BEGIN RECORDS SUPPLIED

(* For every QPTL formula $\varphi$ and every hyperassignment $\mathcal X\in\mathrm{HAsg}_\supseteq(\mathrm{free}(\varphi))$: (1) $\mathcal X\models^{\exists\forall}\varphi$ iff there exists $X\in\mathcal X$ such that $\chi\models\varphi$ for all $\chi\in X$; (2) $\mathcal X\models^{\forall\exists}\varphi$ iff for every $X\in\mathcal X$ there is $\chi\in X$ with $\chi\models\varphi$, where on the right-hand sides $\models$ is the Tarski semantics.
   Context: Let $AP$ be a set of atomic propositions and $\mathbb B=\{\top,\bot\}$. A temporal valuation is a function $f:\mathbb N\to\mathbb B$. An assignment is a partial function $\chi:AP\rightharpoonup(\mathbb N\to\mathbb B)$; $\mathrm{Asg}$ is the set of all assignments, $\mathrm{Asg}(P)$ the set of assignments with domain exactly $P\subseteq AP$, and $\mathrm{Asg}_\supseteq(P)$ the set of assignments whose domain contains $P$. For an assignment $\chi$, $p\in AP$ and a temporal valuation $f$, $\chi[p\mapsto f]$ is the assignment that agrees with $\chi$ except that it maps $p$ to $f$. Tarski semantics of QPTL (formulas $\varphi::=\psi\mid\neg\varphi\mid\varphi\wedge\varphi\mid\varphi\vee\varphi\mid\exists p.\varphi\mid\forall p.\varphi$, $\psi$ LTL), for $\chi\in\mathrm{Asg}_\supseteq(\mathrm{free}(\varphi))$: $\chi\models\psi$ iff $\chi\models_{LTL}\psi$ (see below); Boolean connectives as usual; $\chi\models\exists p.\phi$ iff $\chi[p\mapsto f]\models\phi$ for some temporal valuation $f$; $\chi\models\forall p.\phi$ iff for all $f$. A hyperassignment is a set $\mathcal X$ with $\emptyset\neq\mathcal X\subseteq 2^{\mathrm{Asg}(P)}$ and $\emptyset\notin\mathcal X$, for some $P\subseteq AP$; this $P$ is denoted $\mathrm{ap}(\mathcal X)$. $\mathrm{HAsg}$ is the set of all hyperassignments, $\mathrm{HAsg}(P)$ those with $\mathrm{ap}(\mathcal X)=P$, and $\mathrm{HAsg}_\supseteq(P)$ those with $\mathrm{ap}(\mathcal X)\supseteq P$. A choice function for $\mathcal X$ is a map $c:\mathcal X\to\mathrm{Asg}$ with $c(X)\in X$ for all $X\in\mathcal X$. The dual of $\mathcal X$ is $\overline{\mathcal X}=\{\mathrm{img}(c): c\text{ a choice function for }\mathcal X\}$. $\mathrm{par}(\mathcal X)$ is the set of pairs $(\mathcal X_1,\mathcal X_2)$ of (possibly empty) subsets of $\mathcal X$ with $\mathcal X_1\cap\mathcal X_2=\emptyset$ and $\mathcal X_1\cup\mathcal X_2=\mathcal X$. A functor over $P\subseteq AP$ is a function $F:\mathrm{Asg}(P)\to(\mathbb N\to\mathbb B)$; $\mathrm{Fnc}(P)$ is the set of all functors over $P$. For $\chi\in\mathrm{Asg}(P)$, $F\in\mathrm{Fnc}(P)$ and $p\in AP$, $\mathrm{ext}(\chi,F,p)=\chi[p\mapsto F(\chi)]$; for $X\subseteq\mathrm{Asg}(P)$, $\mathrm{ext}(X,F,p)=\{\mathrm{ext}(\chi,F,p):\chi\in X\}$; for a hyperassignment $\mathcal X$, $\mathrm{ext}(\mathcal X,p)=\{\mathrm{ext}(X,F,p):X\in\mathcal X,\ F\in\mathrm{Fnc}(\mathrm{ap}(\mathcal X))\}$. $\chi\models_{LTL}\psi$ iff the infinite word whose $t$-th letter is the valuation $q\mapsto\chi(q)(t)$ satisfies the LTL formula $\psi$ in the standard sense. Alternation flags are $\exists\forall$ and $\forall\exists$; $\bar\alpha$ denotes the flag different from $\alpha$. Alternating Hodges semantics of QPTL: for a QPTL formula $\varphi$, $\mathcal X\in\mathrm{HAsg}_\supseteq(\mathrm{free}(\varphi))$ and flag $\alpha$, $\mathcal X\models^\alpha\varphi$ is defined inductively: (1) for LTL $\psi$: $\mathcal X\models^{\exists\forall}\psi$ iff there is $X\in\mathcal X$ with $\chi\models_{LTL}\psi$ for all $\chi\in X$; $\mathcal X\models^{\forall\exists}\psi$ iff for every $X\in\mathcal X$ there is $\chi\in X$ with $\chi\models_{LTL}\psi$; (2) $\mathcal X\models^\alpha\neg\phi$ iff not $\mathcal X\models^{\bar\alpha}\phi$; (3) $\mathcal X\models^{\exists\forall}\phi_1\wedge\phi_2$ iff for every $(\mathcal X_1,\mathcal X_2)\in\mathrm{par}(\mathcal X)$, either ($\mathcal X_1\ne\emptyset$ and $\mathcal X_1\models^{\exists\forall}\phi_1$) or ($\mathcal X_2\ne\emptyset$ and $\mathcal X_2\models^{\exists\forall}\phi_2$); $\mathcal X\models^{\forall\exists}\phi_1\wedge\phi_2$ iff $\overline{\mathcal X}\models^{\exists\forall}\phi_1\wedge\phi_2$; (4) $\mathcal X\models^{\forall\exists}\phi_1\vee\phi_2$ iff there is $(\mathcal X_1,\mathcal X_2)\in\mathrm{par}(\mathcal X)$ such that ($\mathcal X_1\neq\emptyset$ implies $\mathcal X_1\models^{\forall\exists}\phi_1$) and ($\mathcal X_2\neq\emptyset$ implies $\mathcal X_2\models^{\forall\exists}\phi_2$); $\mathcal X\models^{\exists\forall}\phi_1\vee\phi_2$ iff $\overline{\mathcal X}\models^{\forall\exists}\phi_1\vee\phi_2$; (5) $\mathcal X\models^{\exists\forall}\exists p.\phi$ iff $\mathrm{ext}(\mathcal X,p)\models^{\exists\forall}\phi$; $\mathcal X\models^{\forall\exists}\exists p.\phi$ iff $\overline{\mathcal X}\models^{\exists\forall}\exists p.\phi$; (6) $\mathcal X\models^{\forall\exists}\forall p.\phi$ iff $\mathrm{ext}(\mathcal X,p)\models^{\forall\exists}\phi$; $\mathcal X\models^{\exists\forall}\forall p.\phi$ iff $\overline{\mathcal X}\models^{\forall\exists}\forall p.\phi$. *)

theory Defs
  imports Main
begin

END RECORDS SUPPLIED

§ **EXERCISE DIRECTIONS**
For each line in the listing, return it exactly as shown.

§ **REPLY TO THE TASK**
(* For every QPTL formula $\varphi$ and every hyperassignment $\mathcal X\in\mathrm{HAsg}_\supseteq(\mathrm{free}(\varphi))$: (1) $\mathcal X\models^{\exists\forall}\varphi$ iff there exists $X\in\mathcal X$ such that $\chi\models\varphi$ for all $\chi\in X$; (2) $\mathcal X\models^{\forall\exists}\varphi$ iff for every $X\in\mathcal X$ there is $\chi\in X$ with $\chi\models\varphi$, where on the right-hand sides $\models$ is the Tarski semantics.
   Context: Let $AP$ be a set of atomic propositions and $\mathbb B=\{\top,\bot\}$. A temporal valuation is a function $f:\mathbb N\to\mathbb B$. An assignment is a partial function $\chi:AP\rightharpoonup(\mathbb N\to\mathbb B)$; $\mathrm{Asg}$ is the set of all assignments, $\mathrm{Asg}(P)$ the set of assignments with domain exactly $P\subseteq AP$, and $\mathrm{Asg}_\supseteq(P)$ the set of assignments whose domain contains $P$. For an assignment $\chi$, $p\in AP$ and a temporal valuation $f$, $\chi[p\mapsto f]$ is the assignment that agrees with $\chi$ except that it maps $p$ to $f$. Tarski semantics of QPTL (formulas $\varphi::=\psi\mid\neg\varphi\mid\varphi\wedge\varphi\mid\varphi\vee\varphi\mid\exists p.\varphi\mid\forall p.\varphi$, $\psi$ LTL), for $\chi\in\mathrm{Asg}_\supseteq(\mathrm{free}(\varphi))$: $\chi\models\psi$ iff $\chi\models_{LTL}\psi$ (see below); Boolean connectives as usual; $\chi\models\exists p.\phi$ iff $\chi[p\mapsto f]\models\phi$ for some temporal valuation $f$; $\chi\models\forall p.\phi$ iff for all $f$. A hyperassignment is a set $\mathcal X$ with $\emptyset\neq\mathcal X\subseteq 2^{\mathrm{Asg}(P)}$ and $\emptyset\notin\mathcal X$, for some $P\subseteq AP$; this $P$ is denoted $\mathrm{ap}(\mathcal X)$. $\mathrm{HAsg}$ is the set of all hyperassignments, $\mathrm{HAsg}(P)$ those with $\mathrm{ap}(\mathcal X)=P$, and $\mathrm{HAsg}_\supseteq(P)$ those with $\mathrm{ap}(\mathcal X)\supseteq P$. A choice function for $\mathcal X$ is a map $c:\mathcal X\to\mathrm{Asg}$ with $c(X)\in X$ for all $X\in\mathcal X$. The dual of $\mathcal X$ is $\overline{\mathcal X}=\{\mathrm{img}(c): c\text{ a choice function for }\mathcal X\}$. $\mathrm{par}(\mathcal X)$ is the set of pairs $(\mathcal X_1,\mathcal X_2)$ of (possibly empty) subsets of $\mathcal X$ with $\mathcal X_1\cap\mathcal X_2=\emptyset$ and $\mathcal X_1\cup\mathcal X_2=\mathcal X$. A functor over $P\subseteq AP$ is a function $F:\mathrm{Asg}(P)\to(\mathbb N\to\mathbb B)$; $\mathrm{Fnc}(P)$ is the set of all functors over $P$. For $\chi\in\mathrm{Asg}(P)$, $F\in\mathrm{Fnc}(P)$ and $p\in AP$, $\mathrm{ext}(\chi,F,p)=\chi[p\mapsto F(\chi)]$; for $X\subseteq\mathrm{Asg}(P)$, $\mathrm{ext}(X,F,p)=\{\mathrm{ext}(\chi,F,p):\chi\in X\}$; for a hyperassignment $\mathcal X$, $\mathrm{ext}(\mathcal X,p)=\{\mathrm{ext}(X,F,p):X\in\mathcal X,\ F\in\mathrm{Fnc}(\mathrm{ap}(\mathcal X))\}$. $\chi\models_{LTL}\psi$ iff the infinite word whose $t$-th letter is the valuation $q\mapsto\chi(q)(t)$ satisfies the LTL formula $\psi$ in the standard sense. Alternation flags are $\exists\forall$ and $\forall\exists$; $\bar\alpha$ denotes the flag different from $\alpha$. Alternating Hodges semantics of QPTL: for a QPTL formula $\varphi$, $\mathcal X\in\mathrm{HAsg}_\supseteq(\mathrm{free}(\varphi))$ and flag $\alpha$, $\mathcal X\models^\alpha\varphi$ is defined inductively: (1) for LTL $\psi$: $\mathcal X\models^{\exists\forall}\psi$ iff there is $X\in\mathcal X$ with $\chi\models_{LTL}\psi$ for all $\chi\in X$; $\mathcal X\models^{\forall\exists}\psi$ iff for every $X\in\mathcal X$ there is $\chi\in X$ with $\chi\models_{LTL}\psi$; (2) $\mathcal X\models^\alpha\neg\phi$ iff not $\mathcal X\models^{\bar\alpha}\phi$; (3) $\mathcal X\models^{\exists\forall}\phi_1\wedge\phi_2$ iff for every $(\mathcal X_1,\mathcal X_2)\in\mathrm{par}(\mathcal X)$, either ($\mathcal X_1\ne\emptyset$ and $\mathcal X_1\models^{\exists\forall}\phi_1$) or ($\mathcal X_2\ne\emptyset$ and $\mathcal X_2\models^{\exists\forall}\phi_2$); $\mathcal X\models^{\forall\exists}\phi_1\wedge\phi_2$ iff $\overline{\mathcal X}\models^{\exists\forall}\phi_1\wedge\phi_2$; (4) $\mathcal X\models^{\forall\exists}\phi_1\vee\phi_2$ iff there is $(\mathcal X_1,\mathcal X_2)\in\mathrm{par}(\mathcal X)$ such that ($\mathcal X_1\neq\emptyset$ implies $\mathcal X_1\models^{\forall\exists}\phi_1$) and ($\mathcal X_2\neq\emptyset$ implies $\mathcal X_2\models^{\forall\exists}\phi_2$); $\mathcal X\models^{\exists\forall}\phi_1\vee\phi_2$ iff $\overline{\mathcal X}\models^{\forall\exists}\phi_1\vee\phi_2$; (5) $\mathcal X\models^{\exists\forall}\exists p.\phi$ iff $\mathrm{ext}(\mathcal X,p)\models^{\exists\forall}\phi$; $\mathcal X\models^{\forall\exists}\exists p.\phi$ iff $\overline{\mathcal X}\models^{\exists\forall}\exists p.\phi$; (6) $\mathcal X\models^{\forall\exists}\forall p.\phi$ iff $\mathrm{ext}(\mathcal X,p)\models^{\forall\exists}\phi$; $\mathcal X\models^{\exists\forall}\forall p.\phi$ iff $\overline{\mathcal X}\models^{\forall\exists}\forall p.\phi$. *)

theory Defs
  imports Main
begin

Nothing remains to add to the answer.